Todos gritan
La respuesta es la infelicidad de la pregunta, decía Maurice Blanchot. Siempre que pienso en esa frase me imagino a una pobre respuesta cualquiera en el momento de pensar gentilmente en la pobre pregunta y preguntarse qué sería de ella sin la compañía de ella, de la respuesta. Tardan a veces en llegar las respuestas porque se quedan entretenidas compadeciéndose de la infelicidad de las preguntas. En otras ocasiones, como en nuestro grosero pasado más reciente, deben esperar las respuestas. "No conteste ahora, sino después de la publicidad", decían, en aquel programa. Pero al menos allí una respuesta quedaba en suspenso. Ahora ni eso.
Hoy a veces no hay ya ni preguntas ni respuestas. En las crónicas marcianas o venusianas, por ejemplo, ya no hay preguntas y, de haberlas, las respuestas se dan mucho antes de que terminen las preguntas. Todos hablan o más bien todos gritan al mismo tiempo. Han instaurado una cultura de la discusión callejera convencidos de que yendo por la calle uno no se detiene a escuchar una conversación reposada entre dos ciudadanos, pero sí lo hace si estos andan discutiendo a grito pelado o pisando, palabra por palabra, la palabra del otro, y viceversa. Es la que creen que es la gran ley del espectáculo. "Déjeme terminar, que yo le he escuchado a usted" es lo que más oímos, y no se nos escapa que quien dice eso tampoco ha escuchado antes.

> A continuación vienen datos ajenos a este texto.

(* Consider the VRD$^2$ algorithm with constant step-size $\mu>0$, as defined in the context, under the standing assumptions listed there. There exists $\bar\mu>0$ such that for every $0<\mu\le\bar\mu$ there is a constant $C<\infty$ (independent of $i$) with $$\mathbb{E}\,\|w_{i,k}-w^\star_k\|^2\le\rho^iC\qquad\text{for all agents }k\text{ and all }i>0,$$ where $w^\star=\mathrm{col}\{w^\star_1,\dots,w^\star_K\}$ is the minimizer of $R$ and $$\rho=\max\Big(1-\frac{1-\lambda}{2N},\;1-\frac{\mu\nu}{4}\Big).$$
   Context: Data and risk. There are $N$ data pairs $(h_n,\gamma_n)$, $n=1,\dots,N$, with $h_n\in\mathbb{R}^M$ and scalar labels $\gamma_n$. The feature vector and the parameter are partitioned into $K$ blocks, $h_n=\mathrm{col}\{h_{n,1},\dots,h_{n,K}\}$, $w=\mathrm{col}\{w_1,\dots,w_K\}$ with $h_{n,k},w_k\in\mathbb{R}^{M_k}$, $\sum_k M_k=M$; block $k$ is held by agent $k$. The empirical risk is $$R(w)=\frac1N\sum_{n=1}^N Q\Big(\sum_{k=1}^K h_{n,k}^{\mathsf T}w_k;\gamma_n\Big)+\sum_{k=1}^K r_k(w_k),$$ where $Q(\cdot;\gamma):\mathbb{R}\to\mathbb{R}$ is differentiable with derivative $\nabla_z Q(z;\gamma)$, and $r(w)=\sum_k r_k(w_k)$. Assumptions. (i) For every $n$, the map $w\mapsto Q(h_n^{\mathsf T}w;\gamma_n)$ has $L$-Lipschitz gradient, i.e. $\|\nabla_zQ(h_n^{\mathsf T}w_1;\gamma_n)h_n-\nabla_zQ(h_n^{\mathsf T}w_2;\gamma_n)h_n\|\le L\|w_1-w_2\|$, and $|\nabla_zQ(z_1;\gamma_n)-\nabla_zQ(z_2;\gamma_n)|\le\delta|z_1-z_2|$ for all $z_1,z_2$, with $L,\delta>0$. (ii) $r$ is convex with $\eta$-Lipschitz gradient. (iii) $R$ is $\nu$-strongly convex: $(\nabla R(w_1)-\nabla R(w_2))^{\mathsf T}(w_1-w_2)\ge\nu\|w_1-w_2\|^2$; $w^\star$ denotes its unique minimizer. (iv) Agents communicate over a strongly connected graph with combination matrix $A=[a_{\ell k}]\in\mathbb{R}^{K\times K}$, nonnegative, with $a_{\ell k}>0$ only if $\ell=k$ or $\ell$ is a neighbor of $k$ ($\ell\in\mathcal N_k$, where $\mathcal N_k$ includes $k$), $A=A^{\mathsf T}$, $A\mathbf 1_K=\mathbf 1_K$, and $a_{kk}>0$ for at least one $k$. $\lambda\in(0,1)$ denotes the second largest magnitude of the eigenvalues of $A$. VRD$^2$ algorithm (variance-reduced dynamic diffusion). Each agent $k$ stores $w_{i,k}$ and scalar tables $u^i_{n,k},v^i_{n,k}$, $n=1,\dots,N$, initialized $w_{1,k}=0$, $u^1_{n,k}=v^1_{n,k}=0$. At each iteration $i=1,2,\dots$ an index $n_i$ is drawn uniformly from $\{1,\dots,N\}$, independently of the past, and the same $n_i$ is used by all agents. Agent $k$ computes $$z_{n_i,k}=\sum_{\ell\in\mathcal N_k}a_{\ell k}\big(u^i_{n_i,\ell}+Kh_{n_i,\ell}^{\mathsf T}w_{i,\ell}-v^i_{n_i,\ell}\big),$$ $$w_{i+1,k}=w_{i,k}-\mu\Big\{\big[\nabla_zQ(z_{n_i,k};\gamma_{n_i})-\nabla_zQ(u^i_{n_i,k};\gamma_{n_i})\big]h_{n_i,k}+\frac1N\sum_{n=1}^N\nabla_zQ(u^i_{n,k};\gamma_n)h_{n,k}+\nabla r_k(w_{i,k})\Big\},$$ then sets $u^{i+1}_{n_i,k}=z_{n_i,k}$, $v^{i+1}_{n_i,k}=Kh_{n_i,k}^{\mathsf T}w_{i,k}$, and $u^{i+1}_{n,k}=u^i_{n,k}$, $v^{i+1}_{n,k}=v^i_{n,k}$ for $n\ne n_i$. (This is the PVRD$^2$ algorithm with pipeline depth $J=1$.) *)

theory Defs
  imports "HOL-Analysis.Analysis" "HOL-Library.Multiset"
begin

¿Debería haber escuchado? En otros días, esto ni se discutía, pues por algo las preguntas y las respuestas existen, fueron una realidad durante mucho tiempo. Se daba por sentado que cuando dos personas hablaban, una de ellas debía guardar silencio, pues de lo contrario, si hablaban al mismo tiempo, ninguna de las dos podría oír lo que decía la otra. Durante el silencio que se imponía a sí misma, la persona que escuchaba se hacía preguntas mentalmente y se las respondía para ella sola, porque sabía que no podía estar interrumpiendo a cada momento a la persona que hablaba. Aguardaba, pues, su turno de palabra y, durante ese silencio, al ir captando por dónde iban los tiros de lo que decía la otra persona, eliminaba preguntas de su mente. Cuando le llegaba la hora de hablar, respondía.
Al hilo de todo esto y en conversación con Paul Auster, el poeta Edmond Jabès se preguntaba qué pasaría si él tomara la palabra durante tanto tiempo que tuvieran que separarse antes de que Auster hubiera tenido una oportunidad de responderle. "Cuando volviéramos a encontrarnos, usted no tendría una respuesta, sino una pregunta. Así es como los rabinos se responden unos a otros. Cada uno de ellos ya ha eliminado las preguntas, y por tanto es capaz de decir: esto es lo que pienso", le decía Jabès a Auster. Así que no siempre hacen preguntas los rabinos, a veces dan las respuestas. Pero esas respuestas enseguida provocan las preguntas de otras personas. Una de las más famosas obras de Jabès está estructurada de esta manera. En El libro de las preguntas se interrumpe el primer diálogo, luego el segundo, el tercero, el cuarto... y de repente el primer diálogo, que parecía perdido, se recupera 50 páginas más tarde después de que hayan ocurrido muchas cosas más. ¿Se imaginan que Javier Sardá, ahora que busca fórmulas intelectuales para superar a Buenafuente, en lugar de recurrir a la seriedad profesional de Mercedes Milá, instaurara el método del libro de las preguntas de Jabès? Eso sí que sería el no va más del espectáculo. Y de paso, batiría verdaderos records de audiencia, en el sentido más literal y auditivo de la palabra. Media España en silencio, escuchando. Lo nunca visto.